Exercise requirements = From the entries below, retype only the lines from the one with "unfolding summand by (simp add: e_def)" through the one with "([:zs j, 1:] ^ k) i +", exactly as written.

Dataset entries:
lemma powers_independent_Suc: "powers_independent (Suc K)"
  unfolding powers_independent_def
proof (rule allI, rule impI)
  fix a :: "nat \<Rightarrow> int"
  let ?\<omega> = "zeta2 (Suc (Suc K))"
  assume sum0: "(\<Sum>j<2 ^ Suc K. of_int (a j) * ?\<omega> ^ j) = 0"
  define \<alpha> where "\<alpha> = (\<Sum>i<m. of_int (a (2 * i)) * \<zeta> ^ i)"
  define \<beta> where "\<beta> = (\<Sum>i<m. of_int (a (2 * i + 1)) * \<zeta> ^ i)"
  have \<omega>_even: "?\<omega> ^ (2 * i) = \<zeta> ^ i" for i
    by (simp add: power_mult zeta2_Suc_square)
  then have \<omega>_odd: "?\<omega> ^ (2 * i + 1) = ?\<omega> * \<zeta> ^ i" for i
    by simp
  have "(\<Sum>j<2 ^ Suc K. of_int (a j) * ?\<omega> ^ j) =
      (\<Sum>i<m. of_int (a (2 * i)) * ?\<omega> ^ (2 * i)) + (\<Sum>i<m. of_int (a (2 * i + 1)) * ?\<omega> ^ (2 * i + 1))"
    by (simp only: power_Suc) (rule sum_lessThan_double_even_odd)
  also have "\<dots> = \<alpha> + ?\<omega> * \<beta>"
    unfolding \<alpha>_def \<beta>_def \<omega>_even \<omega>_odd by (simp add: sum_distrib_left algebra_simps)
  finally have "\<alpha> + ?\<omega> * \<beta> = 0"
    using sum0 by simp
  moreover have "\<alpha> = ipoly (\<Sum>i<m. monom (a (2 * i)) i) \<zeta>" "\<beta> = ipoly (\<Sum>i<m. monom (a (2 * i + 1)) i) \<zeta>"
    unfolding \<alpha>_def \<beta>_def by (simp_all add: ipoly_sum)
  ultimately have "\<alpha> = 0" "\<beta> = 0"
    using sqrt_zeta_independent by metis+
  then have even: "\<forall>i<m. a (2 * i) = 0" and odd: "\<forall>i<m. a (2 * i + 1) = 0"
    using powers_independent[unfolded powers_independent_def, rule_format, of "\<lambda>i. a (2 * i)"]
      powers_independent[unfolded powers_independent_def, rule_format, of "\<lambda>i. a (2 * i + 1)"]
    unfolding \<alpha>_def \<beta>_def by simp_all
  show "\<forall>j<2 ^ Suc K. a j = 0"
  proof (intro allI impI)
    fix j :: nat
    assume "j < 2 ^ Suc K"
    then have "j div 2 < m"
      by simp
    moreover have "j = 2 * (j div 2) + j mod 2"
      by simp
    ultimately show "a j = 0"
      using even odd by (metis mod2_eq_if add_0_right)
  qed
qed

end

lemma powers_independent_all: "powers_independent K"
proof (induction K)
  case 0
  show ?case
    unfolding powers_independent_def by simp
next
  case (Suc K)
  then interpret pow2_cyclotomic K
    by unfold_locales
  show ?case
    by (rule powers_independent_Suc)
qed

section \<open>Elements of norm \<open>1\<close> and of norm \<open>2 ^ n\<close>\<close>

context pow2_cyclotomic
begin

lemma cnj_ipoly: "cnj (ipoly p \<zeta>) = ipoly (pcompose p (monom 1 (2 * m - 1))) \<zeta>"
  by (simp add: ipoly_cnj[symmetric] ipoly_pcompose cnj_zeta)

lemma cnj_pi: "cnj \<pi> = - (\<zeta> ^ (2 * m - 1)) * \<pi>"
proof -
  have "\<zeta> ^ (2 * m - 1) * \<zeta> = 1"
    using zeta_power_2m by (simp add: power_Suc2[symmetric])
  then show ?thesis
    by (simp add: cnj_zeta algebra_simps)
qed

lemma zeta_powi_neq_1:
  assumes "e \<noteq> 0" "\<bar>e\<bar> < 2 * int m"
  shows "\<zeta> powi e \<noteq> 1"
proof
  assume "\<zeta> powi e = 1"
  then have "\<zeta> ^ nat \<bar>e\<bar> = 1"
    using zeta2_nonzero[of "Suc K"] by (cases "e \<ge> 0") (auto simp: power_int_def power_inverse)
  moreover have "0 < nat \<bar>e\<bar>" "nat \<bar>e\<bar> < 2 ^ Suc K"
    using assms by (auto simp: nat_less_iff)
  ultimately show False
    using zeta2_power_neq_1 by blast
qed

text \<open>The \<open>\<zeta> ^ (2 s + 1)\<close>, \<open>s < m\<close>, are the Galois conjugates of \<open>\<zeta>\<close>; this is the orthogonality
  of the characters \<open>x \<mapsto> x\<^sup>i\<close> on them.\<close>

lemma sum_conjugates_orthogonal:
  assumes "i < m" "j < m"
  shows "(\<Sum>s<m. (\<zeta> ^ (2 * s + 1)) ^ i * cnj (\<zeta> ^ (2 * s + 1)) ^ j) = (if i = j then of_nat m else 0)"
proof -
  define e where "e = int i - int j"
  have summand: "(\<zeta> ^ (2 * s + 1)) ^ i * cnj (\<zeta> ^ (2 * s + 1)) ^ j = \<zeta> powi e * (\<zeta> powi (2 * e)) ^ s" for s
  proof -
    have "x ^ a * inverse x ^ b = x powi (int a - int b)" if "x \<noteq> 0" for x :: complex and a b
      using that by (simp add: power_int_diff power_inverse divide_inverse)
    moreover have "(\<zeta> ^ (2 * s + 1)) ^ i * cnj (\<zeta> ^ (2 * s + 1)) ^ j =
        \<zeta> ^ ((2 * s + 1) * i) * inverse \<zeta> ^ ((2 * s + 1) * j)"
      by (simp only: power_mult complex_cnj_power cnj_zeta2)
    ultimately have "(\<zeta> ^ (2 * s + 1)) ^ i * cnj (\<zeta> ^ (2 * s + 1)) ^ j =
        \<zeta> powi (int ((2 * s + 1) * i) - int ((2 * s + 1) * j))"
      using zeta2_nonzero[of "Suc K"] by simp
    also have "int ((2 * s + 1) * i) - int ((2 * s + 1) * j) = e + (2 * e) * int s"
      unfolding e_def by (simp add: algebra_simps)
    finally show ?thesis
      using zeta2_nonzero[of "Suc K"] by (simp add: power_int_add power_int_mult)
  qed
  show ?thesis
  proof (cases "i = j")
    case True
    then show ?thesis
      unfolding summand by (simp add: e_def)
  next
    case False
    have "(\<zeta> powi (2 * e)) ^ m = \<zeta> powi (2 * e * int m)"
      by (simp only: power_int_of_nat[symmetric] power_int_mult)
    also have "\<dots> = (\<zeta> powi int (2 * m)) powi e"
      by (simp add: power_int_mult[symmetric] algebra_simps)
    also have "\<dots> = 1"
      by (simp only: power_int_of_nat zeta_power_2m power_int_1_left)
    finally have "(\<zeta> powi (2 * e)) ^ m = 1" .
    moreover have "2 * e \<noteq> 0"
      using False by (simp add: e_def)
    moreover have "int i < int m" "int j < int m"
      using assms by (simp_all only: of_nat_less_iff)
    then have "\<bar>2 * e\<bar> < 2 * int m"
      unfolding e_def by arith
    ultimately have "(\<Sum>s<m. (\<zeta> powi (2 * e)) ^ s) = 0"
      using zeta_powi_neq_1 by (simp add: sum_gp_strict)
    with False show ?thesis
      unfolding summand by (simp add: sum_distrib_left[symmetric])
  qed
qed
lemma index_Zmat_pow_evec:
  assumes "j \<le> m" "i < ns j"
  shows "(Zmat m ns zs ^\<^sub>m k *\<^sub>v evec m ns) $ (block_start ns j + i) = coeff ([:zs j, 1:] ^ k) i"
  using assms(2)
proof (induction k arbitrary: i)
  case 0
  then show ?case
    using evec_carrier[of m ns] Zmat_carrier[of m ns zs] index_evec[of j m i ns] assms(1) 0 by simp
next
  case (Suc k)
  let ?D = "\<Sum>j\<le>m. ns j"
  let ?Z = "Zmat m ns zs"
  have w: "?Z ^\<^sub>m k *\<^sub>v evec m ns \<in> carrier_vec ?D"
    using Zmat_carrier evec_carrier by (meson mult_mat_vec_carrier pow_carrier_mat)
  have "?Z ^\<^sub>m Suc k *\<^sub>v evec m ns = ?Z *\<^sub>v (?Z ^\<^sub>m k *\<^sub>v evec m ns)"
    using evec_carrier Zmat_carrier
    by (subst pow_mat_Suc_left[OF Zmat_carrier]) (simp add: assoc_mult_mat_vec[of _ ?D ?D _ ?D])
  also have "\<dots> $ (block_start ns j + i) = zs j * coeff ([:zs j, 1:] ^ k) i +
      (if 0 < i then coeff ([:zs j, 1:] ^ k) (i - 1) else 0)"
    using Suc.IH[of i] Suc.IH[of "i - 1"] Suc.prems assms
    by (subst index_Zmat_mult_vec[OF _ _ w]) (auto simp: add_diff_eq[symmetric])
  also have "\<dots> = coeff ([:zs j, 1:] ^ Suc k) i"
    by (cases i) (auto simp: coeff_pCons)
  finally show ?case .
qed

lemma sum_coeff_index_Zmat_pow_evec:
  assumes "degree p < K" "j \<le> m" "i < ns j"
  shows "(\<Sum>k<K. coeff p k * (Zmat m ns zs ^\<^sub>m k *\<^sub>v evec m ns) $ (block_start ns j + i)) =
    coeff (pcompose p [:zs j, 1:]) i"
proof -
  have p: "(\<Sum>k<K. monom (coeff p k) k) = p"
    by (rule poly_eqI) (use assms(1) in \<open>auto simp: coeff_sum coeff_eq_0\<close>)
  have "pcompose p [:zs j, 1:] = (\<Sum>k<K. smult (coeff p k) ([:zs j, 1:] ^ k))"
    by (subst (1) p[symmetric])
      (simp add: pcompose_sum pcompose_smult monom_altdef pcompose_power_left pcompose_pCons)
  then show ?thesis using assms(2,3) by (simp add: index_Zmat_pow_evec coeff_sum)
qed

lemma Qpoly_dvd_iff_Zmat_evec_eq_0:
  assumes "inj_on zs {0..m}" "degree p < K"
  shows "Qpoly m ns zs dvd p \<longleftrightarrow>
    (\<forall>r<(\<Sum>j\<le>m. ns j). (\<Sum>k<K. coeff p k * (Zmat m ns zs ^\<^sub>m k *\<^sub>v evec m ns) $ r) = 0)"
proof -
  let ?F = "\<lambda>r. \<Sum>k<K. coeff p k * (Zmat m ns zs ^\<^sub>m k *\<^sub>v evec m ns) $ r"
  have "(\<forall>r<(\<Sum>j\<le>m. ns j). ?F r = 0) \<longleftrightarrow> (\<forall>j\<le>m. \<forall>i<ns j. ?F (block_start ns j + i) = 0)"
    using ex_block_start_add[of _ ns "Suc m"] block_start_add_less_sum[of _ m _ ns]
    by (fastforce simp: lessThan_Suc_atMost less_Suc_eq_le)
  also have "\<dots> \<longleftrightarrow> (\<forall>j\<le>m. \<forall>i<ns j. coeff (pcompose p [:zs j, 1:]) i = 0)"
    using assms(2) by (simp add: sum_coeff_index_Zmat_pow_evec)
  finally show ?thesis
    unfolding Qpoly_def prod_linear_powers_dvd_iff[OF assms(1)] linear_power_dvd_iff_taylor_coeffs
    by simp
qed

lemma index_Vmat:
  assumes "l > 0" "r < l * (\<Sum>j\<le>m. ns j)" "c < l * t"
  shows "Vmat l m ns zs t $$ (r, c) =
    (if r mod l = c mod l then (Zmat m ns zs ^\<^sub>m (c div l + 1) *\<^sub>v evec m ns) $ (r div l) else 0)"
proof -
  have "r div l < (\<Sum>j\<le>m. ns j)"
    using assms by (simp add: less_mult_imp_div_less mult.commute)
  then show ?thesis
    using assms unfolding Vmat_def Let_def
    by (simp add: carrier_vecD[OF evec_carrier] kron_def mat_of_cols_index mult.commute)
qed

lemma index_Nmat:
  assumes "l > 0" "c < l * t" "a < l" "k < ts a"
  shows "Nmat l ts t $$ (c, block_start ts a + k) = (if c = k * l + a then 1 else 0)"
proof -
  have "block_start ts a + k < (\<Sum>i<l. ts i)" using assms(3,4) by (rule block_start_add_less)
  moreover have "c div l < ts (c mod l) \<and> block_start ts a + k = block_start ts (c mod l) + c div l
      \<longleftrightarrow> c = k * l + a"
    using block_start_add_inject[of ts a k "c mod l" "c div l"] assms(3,4)
    by (auto simp: mult.commute[of k l])
  ultimately show ?thesis
    using assms unfolding Nmat_def Nk_def by auto
qed

lemma index_Vmat_mult_Nmat:
  assumes "l > 0" "r < l * (\<Sum>j\<le>m. ns j)" "a < l" "k < ts a" "ts a \<le> t"
  shows "(Vmat l m ns zs t * Nmat l ts t) $$ (r, block_start ts a + k) =
    (if r mod l = a then (Zmat m ns zs ^\<^sub>m (k + 1) *\<^sub>v evec m ns) $ (r div l) else 0)"
proof -
  let ?V = "Vmat l m ns zs t" and ?N = "Nmat l ts t" and ?c = "block_start ts a + k"
  have col: "k * l + a < l * t" using assms(3-5) by (intro mult_add_less_mult) simp_all
  have "?c < (\<Sum>i<l. ts i)" using assms(3,4) by (rule block_start_add_less)
  then have "(?V * ?N) $$ (r, ?c) = (\<Sum>c\<in>{0..<l * t}. ?V $$ (r, c) * ?N $$ (c, ?c))"
    using assms(2) by (simp add: Vmat_def Nmat_def Let_def carrier_vecD[OF evec_carrier]
        scalar_prod_def)
  also have "\<dots> = (\<Sum>c\<in>{0..<l * t}. if c = k * l + a then ?V $$ (r, c) else 0)"
    using assms by (intro sum.cong) (auto simp: index_Nmat)
  also have "\<dots> = ?V $$ (r, k * l + a)" using col by simp
  finally show ?thesis using assms col by (simp add: index_Vmat)
qed

definition block_poly :: "complex vec \<Rightarrow> nat \<Rightarrow> nat \<Rightarrow> complex poly" where
  "block_poly v b K = (\<Sum>k<K. monom (v $ (b + k)) (Suc k))"

lemma coeff_block_poly:
  "coeff (block_poly v b K) i = (if 0 < i \<and> i \<le> K then v $ (b + i - 1) else 0)"
  by (cases i) (auto simp: block_poly_def coeff_sum coeff_monom)

lemma degree_block_poly: "degree (block_poly v b K) \<le> K"
  by (rule degree_le) (simp add: coeff_block_poly)

locale VN_setting =
  fixes l m n t :: nat and ns :: "nat \<Rightarrow> nat" and zs :: "nat \<Rightarrow> complex" and ts :: "nat \<Rightarrow> nat"
  assumes l_pos: "l > 0"
    and ns_0_pos: "ns 0 > 0"
    and zs_0: "zs 0 = 0"
    and zs_inj: "inj_on zs {0..m}"
    and sum_ns: "(\<Sum>j\<le>m. ns j) = n + 1"
    and sum_ts: "(\<Sum>i<l. ts i) = l * n"
    and ts_le_t: "\<And>i. i < l \<Longrightarrow> ts i \<le> t"
begin

abbreviation W :: "nat \<Rightarrow> complex vec" where
  "W k \<equiv> Zmat m ns zs ^\<^sub>m k *\<^sub>v evec m ns"

abbreviation VN :: "complex mat" where
  "VN \<equiv> Vmat l m ns zs t * Nmat l ts t"

abbreviation L :: "complex mat" where
  "L \<equiv> mat (l * n) (l * n) (\<lambda>(i, j). VN $$ (i + l, j))"

abbreviation Q :: "complex poly" where
  "Q \<equiv> Qpoly m ns zs"

lemma dim_VN: "dim_row VN = l * (n + 1)" "dim_col VN = l * n"
  by (simp_all add: Vmat_def Nmat_def Let_def carrier_vecD[OF evec_carrier] sum_ns sum_ts)

lemma index_VN:
  assumes "r < l * (n + 1)" "a < l" "k < ts a"
  shows "VN $$ (r, block_start ts a + k) = (if r mod l = a then W (k + 1) $ (r div l) else 0)"
  using index_Vmat_mult_Nmat[OF l_pos] assms ts_le_t sum_ns by (simp del: pow_mat.simps)

lemma index_W_Suc_0: "W (Suc k) $ 0 = 0"
  using index_Zmat_pow_evec[of 0 m 0 ns zs "Suc k"] ns_0_pos zs_0 by (simp add: coeff_0_power)

lemma VN_top_rows_zero:
  assumes "i < l" "j < l * n"
  shows "VN $$ (i, j) = 0"
proof -
  obtain a k where "a < l" "k < ts a" "j = block_start ts a + k"
    using ex_block_start_add[of j ts l] assms(2) sum_ts by auto
  moreover have "i < l * (n + 1)" using assms(1) by simp
  ultimately show ?thesis
    using assms(1) index_W_Suc_0 by (simp add: index_VN del: pow_mat.simps)
qed

lemma index_L:
  assumes "i < l * n" "a < l" "k < ts a"
  shows "L $$ (i, block_start ts a + k) = (if i mod l = a then W (k + 1) $ (i div l + 1) else 0)"
proof -
  have "block_start ts a + k < l * n" using block_start_add_less[of a l k ts] assms sum_ts by simp
  moreover have "i + l < l * (n + 1)" using assms(1) by simp
  ultimately show ?thesis using assms l_pos by (simp add: index_VN del: pow_mat.simps)
qed

lemma index_L_mult_vec:
  assumes v: "v \<in> carrier_vec (l * n)" and "p < n" "a < l"
  shows "(L *\<^sub>v v) $ (p * l + a) =
    (\<Sum>k<Suc (ts a). coeff (block_poly v (block_start ts a) (ts a)) k * W k $ Suc p)"
proof -
  let ?i = "p * l + a"
  have i: "?i < l * n" using assms(2,3) by (rule mult_add_less_mult)
  have blocks: "(\<Sum>c<l * n. g c) = (\<Sum>b<l. \<Sum>k<ts b. g (block_start ts b + k))"
    for g :: "nat \<Rightarrow> complex"
    using sum_lessThan_block_start[of g ts l] sum_ts by simp
  have "(L *\<^sub>v v) $ ?i = (\<Sum>c<l * n. L $$ (?i, c) * v $ c)"
    using i v by (simp add: scalar_prod_def atLeast0LessThan)
  also have "\<dots> = (\<Sum>b<l. if b = a
      then (\<Sum>k<ts a. v $ (block_start ts a + k) * W (Suc k) $ Suc p) else 0)"
    unfolding blocks using i assms(3) by (intro sum.cong refl) (auto simp: index_L mult.commute)
  also have "\<dots> = (\<Sum>k<ts a. v $ (block_start ts a + k) * W (Suc k) $ Suc p)"
    using assms(3) by simp
  also have "\<dots> = (\<Sum>k<Suc (ts a). coeff (block_poly v (block_start ts a) (ts a)) k * W k $ Suc p)"
    unfolding sum.lessThan_Suc_shift by (simp add: coeff_block_poly)
  finally show ?thesis .
qed

lemma L_mult_vec_eq_0_iff:
  assumes v: "v \<in> carrier_vec (l * n)"
  shows "L *\<^sub>v v = 0\<^sub>v (l * n) \<longleftrightarrow> (\<forall>a<l. Q dvd block_poly v (block_start ts a) (ts a))"
proof -
  have block: "(\<forall>p<n. (L *\<^sub>v v) $ (p * l + a) = 0) \<longleftrightarrow> Q dvd block_poly v (block_start ts a) (ts a)"
    if a: "a < l" for a
  proof -
    let ?P = "block_poly v (block_start ts a) (ts a)"
    let ?F = "\<lambda>r. \<Sum>k<Suc (ts a). coeff ?P k * W k $ r"
    have deg: "degree ?P < Suc (ts a)" using degree_block_poly le_imp_less_Suc by blast
    have "?F 0 = 0"
      using sum_coeff_index_Zmat_pow_evec[OF deg, of 0 m 0 ns zs] ns_0_pos zs_0
      by (simp add: coeff_block_poly)
    then have "(\<forall>p<n. ?F (Suc p) = 0) \<longleftrightarrow> (\<forall>r<Suc n. ?F r = 0)"
      by (simp add: All_less_Suc2)
    also have "\<dots> \<longleftrightarrow> Q dvd ?P"
      using Qpoly_dvd_iff_Zmat_evec_eq_0[OF zs_inj deg] sum_ns by simp
    finally show ?thesis using index_L_mult_vec[OF v _ a] by simp
  qed
  have Lv: "L *\<^sub>v v \<in> carrier_vec (l * n)" using v by (intro mult_mat_vec_carrier) simp_all
  show ?thesis unfolding vec_eq_0_iff_index_mult_add[OF Lv] by (simp add: block)
qed

lemma L_mult_vec_eq_0_imp_eq_0:
  assumes "\<forall>a<l. ts a = n" "v \<in> carrier_vec (l * n)" "L *\<^sub>v v = 0\<^sub>v (l * n)"
  shows "v = 0\<^sub>v (l * n)"
proof -
  have block: "v $ (block_start ts a + k) = 0" if "a < l" "k < ts a" for a k
  proof -
    let ?P = "block_poly v (block_start ts a) (ts a)"
    have "Q dvd ?P" using L_mult_vec_eq_0_iff assms(2,3) that(1) by blast
    moreover have "degree ?P < degree Q"
      using degree_block_poly[of v "block_start ts a" "ts a"] assms(1) that(1)
      by (simp add: degree_Qpoly sum_ns)
    ultimately have "?P = 0" by (meson dvd_imp_degree_le leD)
    then show ?thesis using coeff_block_poly[of v "block_start ts a" "ts a" "Suc k"] that(2) by simp
  qed
  show ?thesis
  proof (rule eq_vecI)
    fix c assume "c < dim_vec (0\<^sub>v (l * n) :: complex vec)"
    moreover obtain a k where "a < l" "k < ts a" "c = block_start ts a + k"
      using ex_block_start_add[of c ts l] calculation sum_ts by auto
    ultimately show "v $ c = 0\<^sub>v (l * n) $ c" using block by simp
  qed (use assms(2) in simp)
qed

lemma ex_nonzero_L_kernel_vector:
  assumes "a < l" "n < ts a"
  shows "\<exists>v\<in>carrier_vec (l * n). v \<noteq> 0\<^sub>v (l * n) \<and> L *\<^sub>v v = 0\<^sub>v (l * n)"
proof -
  define v where "v = vec (l * n) (\<lambda>c.
    if block_start ts a \<le> c \<and> c < block_start ts a + ts a then coeff Q (c - block_start ts a + 1) else 0)"
  have v_block: "v $ (block_start ts b + k) = (if b = a then coeff Q (k + 1) else 0)"
    if "b < l" "k < ts b" for b k
  proof -
    have "block_start ts b + k < l * n" using block_start_add_less[of b l k ts] that sum_ts by simp
    moreover have "block_start ts a \<le> block_start ts b + k \<and> block_start ts b + k < block_start ts a + ts a
        \<longleftrightarrow> b = a"
      using block_start_add_inject[of ts b k a "block_start ts b + k - block_start ts a"] that by auto
    ultimately show ?thesis unfolding v_def by auto
  qed
  have "block_poly v (block_start ts b) (ts b) = (if b = a then Q else 0)" if b: "b < l" for b
  proof (rule poly_eqI)
    fix i
    have "coeff Q i = 0" if "i = 0 \<or> ts a < i"
      using that assms(2) coeff_0_Qpoly[of zs ns m] zs_0 ns_0_pos coeff_eq_0[of Q i]
      by (auto simp: degree_Qpoly sum_ns)
    then show "coeff (block_poly v (block_start ts b) (ts b)) i = coeff (if b = a then Q else 0) i"
      using v_block[OF b, of "i - 1"] by (auto simp: coeff_block_poly)
  qed
  then have "L *\<^sub>v v = 0\<^sub>v (l * n)"
    by (subst L_mult_vec_eq_0_iff) (auto simp: v_def)
  moreover have "v $ (block_start ts a + n) = 1"
    using v_block[OF assms(1,2)] lead_coeff_Qpoly[of m ns zs] by (simp add: degree_Qpoly sum_ns)
  then have "v \<noteq> 0\<^sub>v (l * n)"
    using block_start_add_less[of a l n ts] assms sum_ts by auto
  ultimately show ?thesis by (auto simp: v_def)
qed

Completed exercise =
      unfolding summand by (simp add: e_def)
  next
    case False
    have "(\<zeta> powi (2 * e)) ^ m = \<zeta> powi (2 * e * int m)"
      by (simp only: power_int_of_nat[symmetric] power_int_mult)
    also have "\<dots> = (\<zeta> powi int (2 * m)) powi e"
      by (simp add: power_int_mult[symmetric] algebra_simps)
    also have "\<dots> = 1"
      by (simp only: power_int_of_nat zeta_power_2m power_int_1_left)
    finally have "(\<zeta> powi (2 * e)) ^ m = 1" .
    moreover have "2 * e \<noteq> 0"
      using False by (simp add: e_def)
    moreover have "int i < int m" "int j < int m"
      using assms by (simp_all only: of_nat_less_iff)
    then have "\<bar>2 * e\<bar> < 2 * int m"
      unfolding e_def by arith
    ultimately have "(\<Sum>s<m. (\<zeta> powi (2 * e)) ^ s) = 0"
      using zeta_powi_neq_1 by (simp add: sum_gp_strict)
    with False show ?thesis
      unfolding summand by (simp add: sum_distrib_left[symmetric])
  qed
qed
lemma index_Zmat_pow_evec:
  assumes "j \<le> m" "i < ns j"
  shows "(Zmat m ns zs ^\<^sub>m k *\<^sub>v evec m ns) $ (block_start ns j + i) = coeff ([:zs j, 1:] ^ k) i"
  using assms(2)
proof (induction k arbitrary: i)
  case 0
  then show ?case
    using evec_carrier[of m ns] Zmat_carrier[of m ns zs] index_evec[of j m i ns] assms(1) 0 by simp
next
  case (Suc k)
  let ?D = "\<Sum>j\<le>m. ns j"
  let ?Z = "Zmat m ns zs"
  have w: "?Z ^\<^sub>m k *\<^sub>v evec m ns \<in> carrier_vec ?D"
    using Zmat_carrier evec_carrier by (meson mult_mat_vec_carrier pow_carrier_mat)
  have "?Z ^\<^sub>m Suc k *\<^sub>v evec m ns = ?Z *\<^sub>v (?Z ^\<^sub>m k *\<^sub>v evec m ns)"
    using evec_carrier Zmat_carrier
    by (subst pow_mat_Suc_left[OF Zmat_carrier]) (simp add: assoc_mult_mat_vec[of _ ?D ?D _ ?D])
  also have "\<dots> $ (block_start ns j + i) = zs j * coeff ([:zs j, 1:] ^ k) i +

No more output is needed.